Et d’en conclure que la rémunération versée aux intérimaires ne doit pas être incluse dans l’assiette de calcul de la subvention de fonctionnement et de la subvention destinée aux activités sociales et culturelles de l’entreprise utilisatrice, sinon pourquoi le législateur aurait-il prévu que le CE a le droit de se faire rembourser quand il a eu à supporter des dépenses supplémentaires !

Cassation sociale, 10 mars 2010, n° 08-21.529

Reliquat de subvention destinée à financer les activités sociales et culturelles

La seconde affaire opposait le CE et la direction à propos de la gestion par l’employeur de la cantine d’entreprise.

Le CE a le monopole de la gestion des activités sociales et culturelles. Il peut néanmoins décider de déléguer la gestion de certaines activités à l’employeur notamment. C’est bien souvent ce qu’il fait en matière de restauration, la plupart des cantines d’entreprise étant gérées par l’entreprise et non pas par le CE.

En l’espèce, le CE de la société Compagnie Générale de Géophysique constate qu’après mise en concurrence de divers prestataires, l’employeur avait fortement réduit les sommes allouées à la restauration des salariés au cours des 3 dernières années.

Il saisit alors le tribunal de grande instance pour demander un rappel correspondant au montant des sommes économisées par l’entreprise sur l’activité restauration.

Il obtient gain de cause.

La Cour de cassation a en effet constaté que l’employeur avait réalisé des économies sur la dépense « cantine d’entreprise ».

Or, si l’on s’en tient aux dispositions de l’article L. 2323-86 du code du travail, la contribution versée chaque année par l’employeur pour financer les activités sociales et culturelles du comité d’entreprise ne peut, en aucun cas, être inférieure au total le plus élevé des sommes affectées aux dépenses sociales de l’entreprise atteint au cours des trois dernières années précédant la prise en charge des activités sociales et culturelles par le comité d’entreprise, à l’exclusion des dépenses temporaires lorsque les besoins correspondants ont disparu.

Quand bien même le CE aurait délégué à l’employeur la gestion d’une partie des activités sociales et culturelles à l’employeur (en l’occurrence ici la gestion de la cantine d’entreprise), celui-ci ne pouvait en aucun cas consacrer moins d’argent que ce qu’il avait consacré au cours de la meilleure des trois dernières années.

Conséquence : le CE pouvait obtenir en argent l’équivalent de ce que l’employeur avait économisé.
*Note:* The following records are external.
(* Let $(a_k)_{k\ge1}$ be an increasing sequence of positive integers such that $\lim_{k\to\infty}a_{k+1}/a_k=\eta>1$ for some transcendental number $\eta$, and let $m\in\mathbb N$. Then there exists $\ell\in\mathbb N$ such that, writing $$S_{1,\ell}(\omega)=\sum_{k=1}^{\ell}\cos(2\pi a_k\omega),\qquad S_{\ell+1,n}(\omega)=\sum_{k=\ell+1}^{n}\cos(2\pi a_k\omega)$$ (the latter being $0$ if $n\le\ell$), for all $u,v\in\mathbb N$ with $u+v\le m$ and all $n\in\mathbb N$ we have $$\mathbb E\big[S_{1,\ell}^u S_{\ell+1,n}^v\big]=\mathbb E\big[S_{1,\ell}^u\big]\,\mathbb E\big[S_{\ell+1,n}^v\big],$$ where expectation is with respect to Lebesgue measure on $\omega\in[0,1]$. *)

theory Defs
  imports "HOL-Analysis.Analysis" "HOL-Computational_Algebra.Polynomial"
begin

definition cos_sum :: "(nat \<Rightarrow> nat) \<Rightarrow> nat \<Rightarrow> nat \<Rightarrow> real \<Rightarrow> real" where
  "cos_sum a p q \<omega> = (\<Sum>k\<in>{p..q}. cos (2 * pi * real (a k) * \<omega>))"

definition E01 :: "(real \<Rightarrow> real) \<Rightarrow> real" where
  "E01 f = (LBINT \<omega>:{0..1}. f \<omega>)"

end

(*
  Expanding the powers, S_{1,l}^u and S_{l+1,n}^v are cosine polynomials whose frequencies are
  integer combinations sum_k e_k a_k with sum_k |e_k| <= u (over k <= l), resp. <= v (over k > l).
  The mean over [0,1] of a product of two cosine polynomials factorises as soon as no nonzero
  frequency of one occurs, up to sign, among the frequencies of the other.  So it suffices to find
  l such that every integer relation sum_k e_k a_k = 0 with sum_k |e_k| <= m only involves indices
  k <= l.

  This follows from a lower bound, proved by induction on k: for large J,
  |sum_{i<=J} e_i a_i| >= delta a_J whenever e_J /= 0, sum_i |e_i| <= m and at most k nonzero
  coefficients lie more than L places below J.  For k = 0 the form is essentially
  a_J sum_{i<=L} e_{J-i} eta^(-i), since a_{J-i}/a_J -> eta^(-i); as eta is transcendental, these
  integer polynomials in 1/eta of bounded height are bounded away from 0.  In the induction step,
  either some nonzero coefficient lies between J-L-G and J-L, and the hypothesis for the window
  L+G applies, or all far coefficients sit below J-G, and a_{J-G} <= eps a_J makes their
  contribution negligible.
*)
theory Submission
  imports Defs
begin

abbreviation cos2pi :: "int \<Rightarrow> real \<Rightarrow> real" where
  "cos2pi N x \<equiv> cos (2 * pi * of_int N * x)"

inductive cos_poly :: "int set \<Rightarrow> (real \<Rightarrow> real) \<Rightarrow> bool" for A where
  cos_poly_zero: "cos_poly A (\<lambda>_. 0)"
| cos_poly_add_cos: "N \<in> A \<Longrightarrow> cos_poly A f \<Longrightarrow> cos_poly A (\<lambda>x. c * cos2pi N x + f x)"

lemma cos_poly_continuous_on: "cos_poly A f \<Longrightarrow> continuous_on S f"
  by (induction rule: cos_poly.induct) (auto intro!: continuous_intros)

lemma cos_poly_cos2pi: "N \<in> A \<Longrightarrow> cos_poly A (cos2pi N)"
  using cos_poly_add_cos[OF _ cos_poly_zero, of N A 1] by simp

lemma cos_poly_mono: "cos_poly A f \<Longrightarrow> A \<subseteq> B \<Longrightarrow> cos_poly B f"
  by (induction rule: cos_poly.induct) (auto intro: cos_poly.intros)

lemma cos_poly_add: "cos_poly A f \<Longrightarrow> cos_poly A g \<Longrightarrow> cos_poly A (\<lambda>x. f x + g x)"
proof (induction rule: cos_poly.induct)
  case (cos_poly_add_cos N f c)
  then have "cos_poly A (\<lambda>x. c * cos2pi N x + (f x + g x))"
    by (intro cos_poly.cos_poly_add_cos) auto
  then show ?case by (simp add: add.assoc)
qed simp

lemma cos_poly_cmult: "cos_poly A f \<Longrightarrow> cos_poly A (\<lambda>x. d * f x)"
proof (induction rule: cos_poly.induct)
  case (cos_poly_add_cos N f c)
  then have "cos_poly A (\<lambda>x. (d * c) * cos2pi N x + d * f x)"
    by (intro cos_poly.cos_poly_add_cos) auto
  then show ?case by (simp add: algebra_simps)
qed (simp add: cos_poly_zero)

lemma cos_poly_sum:
  "finite I \<Longrightarrow> (\<And>k. k \<in> I \<Longrightarrow> cos_poly A (f k)) \<Longrightarrow> cos_poly A (\<lambda>x. \<Sum>k\<in>I. f k x)"
  by (induction I rule: finite_induct) (auto intro: cos_poly_zero cos_poly_add)

definition freq_sums :: "int set \<Rightarrow> int set \<Rightarrow> int set" where
  "freq_sums A B = {N + M |N M. N \<in> A \<and> M \<in> B} \<union> {N - M |N M. N \<in> A \<and> M \<in> B}"

lemma cos2pi_mult: "cos2pi N x * cos2pi M x = cos2pi (N - M) x / 2 + cos2pi (N + M) x / 2"
proof -
  have "2 * pi * of_int (N - M) * x = 2 * pi * of_int N * x - 2 * pi * of_int M * x"
    "2 * pi * of_int (N + M) * x = 2 * pi * of_int N * x + 2 * pi * of_int M * x"
    by (simp_all add: algebra_simps)
  then show ?thesis by (simp add: cos_times_cos)
qed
Mais attention : si l’employeur est obligé de verser ce reliquat, il peut décider de reverser la totalité du budget affecté à la restauration, et arrêter de s’occuper de l’activité en question.

Au CE de voir si c’est vraiment son intérêt !
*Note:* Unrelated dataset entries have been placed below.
lemma shared_member_in_plus_part_Union:
  assumes cross: "cross_t_intersecting t k \<A>"
    and i: "i \<in> {1..k}" and j: "j \<in> {1..k}" "i \<noteq> j" and X: "X \<in> \<A> i" "X \<in> \<A> j"
  shows "X \<in> plus_part t (\<Union>m\<in>{1..k}. \<A> m)"
proof -
  have "t \<le> card (X \<inter> Y)" if "m \<in> {1..k}" "Y \<in> \<A> m" for m Y
  proof (cases "m = i")
    case True
    then show ?thesis using cross_t_intersectingD[OF cross j(1) that(1) _ X(2) that(2)] j(2) by simp
  next
    case False
    then show ?thesis using cross_t_intersectingD[OF cross i that(1) _ X(1) that(2)] by simp
  qed
  then show ?thesis using i X(1) by (auto simp: plus_part_def)
qed

lemma plus_part_subset_plus_part_Union:
  assumes cross: "cross_t_intersecting t k \<A>" and i: "i \<in> {1..k}"
  shows "plus_part t (\<A> i) \<subseteq> plus_part t (\<Union>m\<in>{1..k}. \<A> m)"
proof
  fix X assume X: "X \<in> plus_part t (\<A> i)"
  then have Xi: "X \<in> \<A> i" by (simp add: plus_part_def)
  have "t \<le> card (X \<inter> Y)" if Y: "Y \<in> (\<Union>m\<in>{1..k}. \<A> m) - {X}" for Y
  proof -
    obtain m where m: "m \<in> {1..k}" "Y \<in> \<A> m" using Y by blast
    show ?thesis
    proof (cases "m = i")
      case True
      then show ?thesis using X m(2) Y by (simp add: plus_part_def)
    next
      case False
      then show ?thesis using cross_t_intersectingD[OF cross i m(1) _ Xi m(2)] by simp
    qed
  qed
  then show "X \<in> plus_part t (\<Union>m\<in>{1..k}. \<A> m)" using i Xi unfolding plus_part_def by blast
qed

lemma cross_t_intersecting_partition:
  assumes cross: "cross_t_intersecting t k \<A>"
    and plus_empty: "plus_part t (\<Union>i\<in>{1..k}. \<A> i) = {}"
  shows "\<forall>i\<in>{1..k}. \<A> i = minus_part t (\<A> i)"
    and "\<forall>i\<in>{1..k}. \<forall>j\<in>{1..k}. i \<noteq> j \<longrightarrow> \<A> i \<inter> \<A> j = {}"
proof -
  show "\<forall>i\<in>{1..k}. \<A> i = minus_part t (\<A> i)"
    using plus_part_subset_plus_part_Union[OF cross] plus_empty by (auto simp: minus_part_def)
  show "\<forall>i\<in>{1..k}. \<forall>j\<in>{1..k}. i \<noteq> j \<longrightarrow> \<A> i \<inter> \<A> j = {}"
    using shared_member_in_plus_part_Union[OF cross] plus_empty by blast
qed

lemma sum_card_cross_t_intersecting_le:
  assumes cross: "cross_t_intersecting t k \<A>" and fin: "\<forall>i\<in>{1..k}. finite (\<A> i)"
  defines "U \<equiv> \<Union>i\<in>{1..k}. \<A> i"
  shows "(\<Sum>i=1..k. card (\<A> i)) \<le> card (minus_part t U) + k * card (plus_part t U)"
proof -
  let ?M = "minus_part t U" and ?P = "plus_part t U"
  have finU: "finite U" using fin unfolding U_def by blast
  have split: "card (\<A> i) = card (\<A> i \<inter> ?M) + card (\<A> i \<inter> ?P)" if "i \<in> {1..k}" for i
  proof -
    have "\<A> i = (\<A> i \<inter> ?M) \<union> (\<A> i \<inter> ?P)" "(\<A> i \<inter> ?M) \<inter> (\<A> i \<inter> ?P) = {}"
      using that unfolding U_def minus_part_def by auto
    then show ?thesis using fin that by (metis card_Un_disjoint finite_Int)
  qed
  have "(\<Sum>i=1..k. card (\<A> i)) = (\<Sum>i=1..k. card (\<A> i \<inter> ?M)) + (\<Sum>i=1..k. card (\<A> i \<inter> ?P))"
    using split by (simp add: sum.distrib)
  also have "(\<Sum>i=1..k. card (\<A> i \<inter> ?M)) = card (\<Union>i\<in>{1..k}. \<A> i \<inter> ?M)"
  proof (rule card_UN_disjoint[symmetric])
    show "\<forall>i\<in>{1..k}. \<forall>j\<in>{1..k}. i \<noteq> j \<longrightarrow> \<A> i \<inter> ?M \<inter> (\<A> j \<inter> ?M) = {}"
      using shared_member_in_plus_part_Union[OF cross] unfolding U_def minus_part_def by blast
  qed (use fin in auto)
  also have "(\<Union>i\<in>{1..k}. \<A> i \<inter> ?M) = ?M"
    unfolding U_def minus_part_def by blast
  also have "(\<Sum>i=1..k. card (\<A> i \<inter> ?P)) \<le> (\<Sum>i=1..k. card ?P)"
    using finU by (intro sum_mono card_mono) (auto simp: plus_part_def)
  finally show ?thesis by simp
qed

lemma eq_if_sum_card_eq:
  assumes "finite U" "finite I" "\<forall>i\<in>I. \<A> i \<subseteq> U"
    and "(\<Sum>i\<in>I. card (\<A> i)) = card I * card U" "i \<in> I"
  shows "\<A> i = U"
proof -
  have "card (\<A> i) = card U"
    using assms by (intro sum_mono_inv[where g = "\<lambda>_. card U"]) (auto intro: card_mono)
  then show ?thesis using assms card_subset_eq by blast
qed

text \<open>\<open>s\<close> is \<open>\<Sum>|\<A> i|\<close>, \<open>n = |\<F>|\<close>, \<open>l = l(\<F>,t)\<close>, and \<open>p\<close>, \<open>q\<close> are the sizes of the plus and
  minus part of the union.\<close>
lemma counting_squeeze:
  fixes s n l k p q :: nat
  assumes sum_le: "s \<le> q + k * p" and beta_le: "l * q + n * p \<le> n * l"
    and "p \<le> l" "0 < l" and "n \<le> s" "k * l \<le> s"
  shows "s = max n (k * l)" and "k * l < n \<Longrightarrow> p = 0" and "n < k * l \<Longrightarrow> q = 0"
proof -
  have main: "l * s + n * p \<le> n * l + k * l * p"
  proof -
    have "l * s \<le> l * q + k * l * p" using mult_le_mono2[OF sum_le, of l] by (simp add: algebra_simps)
    then show ?thesis using beta_le by linarith
  qed
  show "k * l < n \<Longrightarrow> p = 0"
  proof -
    assume "k * l < n"
    have "n * l \<le> l * s" using \<open>n \<le> s\<close> by (simp add: mult.commute)
    then have "n * p \<le> k * l * p" using main by linarith
    then show "p = 0" using \<open>k * l < n\<close> mult_less_cancel2[of "k * l" p n] by linarith
  qed
  show "n < k * l \<Longrightarrow> q = 0"
  proof -
    assume "n < k * l"
    have "(k * l) * l \<le> l * s" using \<open>k * l \<le> s\<close> by (simp add: mult.commute)
    then have "k * l * l + n * p \<le> n * l + k * l * p" using main by linarith
    then have "k * l * (l - p) \<le> n * (l - p)"
      using \<open>p \<le> l\<close> by (simp add: diff_mult_distrib2 mult_le_mono)
    then have "l - p = 0" using \<open>n < k * l\<close> by (metis leD mult_less_cancel2 zero_less_iff_neq_zero)
    then have "p = l" using \<open>p \<le> l\<close> by simp
    then show "q = 0" using beta_le \<open>0 < l\<close> by simp
  qed
  show "s = max n (k * l)"
  proof (cases "k * l \<le> n")
    case True
    then have "k * l * p \<le> n * p" by simp
    then have "l * s \<le> n * l" using main by linarith
    then have "s \<le> n" using \<open>0 < l\<close> by (simp add: mult.commute)
    then show ?thesis using True \<open>n \<le> s\<close> by simp
  next
    case False
    have "(k * l - n) * p \<le> (k * l - n) * l" using \<open>p \<le> l\<close> by simp
    moreover have "n * p \<le> k * l * p" "n * l \<le> k * l * l" using False by simp_all
    ultimately have "k * l * p + n * l \<le> n * p + k * l * l"
      unfolding diff_mult_distrib by linarith
    then have "l * s \<le> k * l * l" using main by linarith
    then have "s \<le> k * l" using \<open>0 < l\<close> by (simp add: mult.commute)
    then show ?thesis using False \<open>k * l \<le> s\<close> by simp
  qed
qed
Cassation sociale, 30 mars 2010, n° 09-12.074

Elections professionnelles : votes par correspondance

Que se passe-t-il si des votes par correspondance, pourtant postés à temps, parviennent trop tard au siège de l’entreprise du fait d’un retard dans l’acheminement du courrier par la Poste ?
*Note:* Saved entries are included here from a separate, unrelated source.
(* In the QC setting, let $\theta$ be the a.s. finite random variable with $\mathbf{x}(i)\to\theta\mathbf{1}$ a.s., and let $r=\frac1N\sum_{n=1}^N x_n(0)$ be the initial average. Then (1) $\mathbb{E}[\theta]=r$, and (2) $\mathbb{E}[(\theta-r)^2]\le\frac{2|\mathcal{M}|\Delta^2}{3N^2}\sum_{j\ge0}\alpha^2(j)$.
   Context: QC setting. Let $N\ge 2$; all random objects live on one probability space. $\{L(i)\}_{i\ge0}$ is an i.i.d. sequence of random graph Laplacians $L(i)=D(i)-A(i)$, where $A(i)$ is the adjacency matrix (symmetric, $\{0,1\}$-valued, zero diagonal) of a random undirected simple graph on $\{1,\dots,N\}$, $D(i)=\mathrm{diag}(d_1(i),\dots,d_N(i))$ with $d_n(i)$ the degree of node $n$, and $\Omega_n(i)=\{l:A_{nl}(i)=1\}$. Link failures at a given time may be arbitrarily correlated across edges. Let $\overline{L}=\mathbb{E}[L(i)]$ with eigenvalues $0=\lambda_1(\overline{L})\le\lambda_2(\overline{L})\le\cdots\le\lambda_N(\overline{L})$; assume $\lambda_2(\overline{L})>0$. $\mathcal{M}$ denotes the set of realizable edges (those appearing in the random graph with positive probability). Quantizer: step $\Delta>0$, $q(y)=k\Delta$ if $(k-\tfrac12)\Delta\le y<(k+\tfrac12)\Delta$, $k\in\mathbb{Z}$. Dither: $\{\nu_{nl}(i)\}$ i.i.d. uniform on $[-\Delta/2,\Delta/2)$, independent of $\{L(i)\}$. Weights: deterministic $\alpha(i)>0$ with $\sum_i\alpha(i)=\infty$, $\sum_i\alpha^2(i)<\infty$. QC recursion: $x_n(i+1)=(1-\alpha(i)d_n(i))x_n(i)+\alpha(i)\sum_{l\in\Omega_n(i)}q(x_l(i)+\nu_{nl}(i))$, with deterministic $\mathbf{x}(0)\in\mathbb{R}^N$. With $\varepsilon_{nl}(i)=q(x_l(i)+\nu_{nl}(i))-(x_l(i)+\nu_{nl}(i))$, $\Upsilon_n(i)=-\sum_{l\in\Omega_n(i)}\nu_{nl}(i)$, $\Psi_n(i)=-\sum_{l\in\Omega_n(i)}\varepsilon_{nl}(i)$, this reads $\mathbf{x}(i+1)=\mathbf{x}(i)-\alpha(i)[L(i)\mathbf{x}(i)+\Upsilon(i)+\Psi(i)]$. Conditionally on $\mathbf{x}(0),\{L(j),\Upsilon(j),\Psi(j)\}_{j<i}$ and $L(i)$, the $\varepsilon_{nl}(i)$ are i.i.d. uniform on $[-\Delta/2,\Delta/2)$ (as are the $\nu_{nl}(i)$). *)

theory Defs
  imports "HOL-Probability.Probability" "Jordan_Normal_Form.Char_Poly"
begin

text \<open>Uniform quantizer with step D: q(y) = k D iff (k - 1/2) D \<le> y < (k + 1/2) D.\<close>
definition quant :: "real \<Rightarrow> real \<Rightarrow> real" where
  "quant D y = D * of_int \<lfloor>y / D + 1/2\<rfloor>"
C’est exactement ce qu’il s’est passé en 2009, lors des élections au comité d’établissement de Lorraine de la SNCF.

Lors du dépouillement, le syndicat CFDT n’obtient que 9,63 % des suffrages exprimés, ce qui est insuffisant pour être représentatif et donc pour avoir un délégué syndical.

Or, plusieurs jours après la clôture du scrutin, 34 votes par correspondance parviennent au siège de l’entreprise. Ils avaient bien été postés à temps et étaient tous en faveur de la CFDT.

Si ces 34 voix avaient pu être prises en compte lors du dépouillement, le syndicat aurait obtenu 10,04 % des suffrages exprimés dans l’établissement et aurait donc eu le droit de désigner un délégué syndical.

C’est pourquoi, il demande en justice l’annulation des élections et obtient gain de cause compte tenu de l’enjeu.

Les juges ont annulé les élections, peu important que l’employeur ne soit pas à l’origine de l’erreur commise. De nouvelles élections devront être organisées.